Data section below:
(* Let $-\frac1n<\alpha<0$ and $f=(1-\alpha\varphi)^{1/\alpha}\in\mathcal{C}^+_\alpha(\mathbb{R}^n)$. Then $$\delta J_\alpha(f,f)=n\,J(f)-\int_{\mathbb{R}^n}\varphi(x)\,f(x)^{1-\alpha}\,dx,$$ and $\delta J_\alpha(f,f)\in(-\infty,+\infty)$.
   Context: $\mathrm{Conv}(\mathbb{R}^n)$ is the set of proper, convex, lower semi-continuous $\varphi:\mathbb{R}^n\to\mathbb{R}\cup\{+\infty\}$; $\varphi$ is coercive if $\liminf_{|x|\to\infty}\varphi(x)/|x|>0$. For $\alpha<0$, $\mathcal{C}^+_\alpha(\mathbb{R}^n)$ is the set of $f=(1-\alpha\varphi)^{1/\alpha}$ with $\varphi\in\mathrm{Conv}(\mathbb{R}^n)$ nonnegative and coercive (convention: $f=0$ where $\varphi=+\infty$). The Legendre transform is $\varphi^*(y)=\sup_x\{\langle x,y\rangle-\varphi(x)\}$. For $\alpha$-concave $f=(1-\alpha\varphi)^{1/\alpha}$, $g=(1-\alpha\psi)^{1/\alpha}$ and $t>0$, $f\oplus_\alpha t\cdot_\alpha g:=\big(1-\alpha(\varphi^*+t\psi^* )^*\big)^{1/\alpha}$. $J(f)=\int_{\mathbb{R}^n}f\,dx$, and $\delta J_\alpha(f,g):=\lim_{t\to0^+}\frac{J(f\oplus_\alpha t\cdot_\alpha g)-J(f)}{t}$ whenever the limit exists and is finite. *)

theory Defs
  imports "HOL-Analysis.Analysis"
begin
section \<open>The extremal function\<close>

definition cayley_fps :: "complex fps" where
  "cayley_fps = Abs_fps (\<lambda>n. if n = 0 then 1 else 2)"

lemma eval_fps_of_bounded_coeffs:
  fixes F :: "complex fps"
  assumes "\<And>n. norm (fps_nth F n) \<le> C"
  shows "eval_fps F holomorphic_on ball 0 1" "eval_fps F has_fps_expansion F"
proof -
  have R: "1 \<le> fps_conv_radius F"
    unfolding fps_conv_radius_def
  proof (rule conv_radius_geI_ex')
    fix r :: real
    assume r: "0 < r" "ereal r < 1"
    show "summable (\<lambda>n. fps_nth F n * of_real r ^ n)"
    proof (rule summable_comparison_test')
      show "summable (\<lambda>n. C * r ^ n)"
        using r by (intro summable_mult summable_geometric) auto
      show "norm (fps_nth F n * of_real r ^ n) \<le> C * r ^ n" for n
        using assms[of n] r by (simp add: norm_mult norm_power mult_right_mono)
    qed
  qed
  then show "eval_fps F holomorphic_on ball 0 1"
    by (intro holomorphic_on_eval_fps ball_eball_mono) (simp add: one_ereal_def)
  have "0 < fps_conv_radius F"
    using R by (rule less_le_trans[rotated]) simp
  then show "eval_fps F has_fps_expansion F"
    by (rule eval_fps_has_fps_expansion)
qed

lemma eval_cayley_fps:
  assumes "norm z < 1"
  shows "eval_fps cayley_fps z = (1 + z) / (1 - z)"
proof -
  have "(\<lambda>n. 2 * z ^ n - (if n = 0 then 1 else 0)) sums (2 * (1 / (1 - z)) - 1)"
    using sums_diff[OF sums_mult[OF geometric_sums[OF assms]] sums_single[of 0 "\<lambda>_. 1"]] by simp
  moreover have "(\<lambda>n. fps_nth cayley_fps n * z ^ n) = (\<lambda>n. 2 * z ^ n - (if n = 0 then 1 else 0))"
    by (auto simp: cayley_fps_def fun_eq_iff)
  moreover have "1 - z \<noteq> 0"
    using assms by auto
  then have "2 * (1 / (1 - z)) - 1 = (1 + z) / (1 - z)"
    by (simp add: field_simps)
  ultimately show ?thesis
    unfolding eval_fps_def by (simp add: sums_iff)
qed
(* Let $L$ be an integral lattice containing no vectors of norm one (i.e. no $v$ with $v\cdot v=1$). If $v\in L$ is contained in an obtuse superbase for $L$, then $v\cdot v\le\mathrm{disc}(L)$.
   Context: An integral lattice is a finitely generated free abelian group with a symmetric positive definite integral bilinear form; $\mathrm{disc}(L)$ is the determinant of its Gram matrix. An obtuse superbase of a rank-$k$ lattice $L$ is a set $\{v_0,\dots,v_k\}\subseteq L$ spanning $L$ with $v_i\cdot v_j\le0$ for $i\ne j$ and $v_0+\dots+v_k=0$. *)

theory Defs
  imports "HOL-Analysis.Analysis"
begin

text \<open>A rank-n integral lattice L is modelled as \<int>^n (coordinates w.r.t. a basis)
  together with its Gram matrix G; the bilinear form is x . y = x^T G y.\<close>

definition lat_form :: "int^'n^'n \<Rightarrow> int^'n \<Rightarrow> int^'n \<Rightarrow> int" where
  "lat_form G x y = (\<Sum>i\<in>UNIV. \<Sum>j\<in>UNIV. x $ i * G $ i $ j * y $ j)"

definition integral_lattice :: "int^'n^'n \<Rightarrow> bool" where
  "integral_lattice G \<longleftrightarrow> transpose G = G \<and> (\<forall>x. x \<noteq> 0 \<longrightarrow> lat_form G x x > 0)"

definition disc :: "int^'n^'n \<Rightarrow> int" where
  "disc G = det G"

text \<open>Obtuse superbase \<open>{v_0,...,v_k}\<close>, indexed by \<open>'n option\<close> (which has k+1 elements).\<close>
definition obtuse_superbase :: "int^'n^'n \<Rightarrow> ('n option \<Rightarrow> int^'n) \<Rightarrow> bool" where
  "obtuse_superbase G v \<longleftrightarrow>
     (\<forall>w. \<exists>c :: 'n option \<Rightarrow> int. w = (\<Sum>i\<in>UNIV. c i *s v i)) \<and>
     (\<forall>i j. i \<noteq> j \<longrightarrow> lat_form G (v i) (v j) \<le> 0) \<and>
     (\<Sum>i\<in>UNIV. v i) = 0"

end

theory Submission
  imports Defs
begin

text \<open>
  Deleting \<open>v\<^sub>i\<close> from an obtuse superbase leaves a basis of \<open>L\<close>, since \<open>v\<^sub>i\<close> is minus the
  sum of the others. Its Gram matrix \<open>M\<close> has determinant \<open>disc L\<close>, nonpositive off-diagonal
  entries and row sums \<open>-v\<^sub>j \<cdot> v\<^sub>i \<ge> 0\<close>, and its entries add up to \<open>v\<^sub>i \<cdot> v\<^sub>i\<close>. For such an
  integer matrix with \<open>x\<^sup>T M x \<ge> 2\<close> for all \<open>x \<noteq> 0\<close>, the determinant dominates the sum of the
  entries. Pick a row \<open>p\<close> with positive row sum \<open>t\<close>; linearity in row \<open>p\<close> gives
  \<open>det M = det M' + t det M\<^sub>p\<close>, where \<open>M'\<close> is \<open>M\<close> with \<open>t\<close> subtracted from \<open>M\<^sub>p\<^sub>p\<close> and \<open>M\<^sub>p\<close>
  is the principal minor without \<open>p\<close>. \<open>M'\<close> is still diagonally dominant with nonpositive
  off-diagonal entries, so \<open>det M' \<ge> 0\<close>, and by induction \<open>det M\<^sub>p \<ge> a\<close>, the sum of the entries
  of \<open>M\<^sub>p\<close>. As \<open>M\<^sub>p\<^sub>p \<ge> 2\<close> and \<open>a \<ge> 2\<close>, the sum of the entries of \<open>M\<close> is
  \<open>2t - M\<^sub>p\<^sub>p + a \<le> 2t - 2 + a \<le> t a \<le> det M\<close>.
\<close>

section \<open>Determinants\<close>

text \<open>A principal submatrix on an index set \<open>I\<close> is kept in the ambient index type by
  padding it with the identity outside \<open>I\<close>; thus \<open>strike_index p A\<close> is the principal
  submatrix of \<open>A\<close> obtained by deleting index \<open>p\<close>.\<close>

definition identity_outside :: "'n set \<Rightarrow> 'a::zero_neq_one^'n^'n \<Rightarrow> bool" where
  "identity_outside I A \<longleftrightarrow> (\<forall>i j. i \<notin> I \<or> j \<notin> I \<longrightarrow> A $ i $ j = (if i = j then 1 else 0))"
End of Data section.
▸ **Try it**:
The answer must consist of every line from the data that contains the word "moreover".

▸ **Answer to the problem**:
  moreover have "(\<lambda>n. fps_nth cayley_fps n * z ^ n) = (\<lambda>n. 2 * z ^ n - (if n = 0 then 1 else 0))"
  moreover have "1 - z \<noteq> 0"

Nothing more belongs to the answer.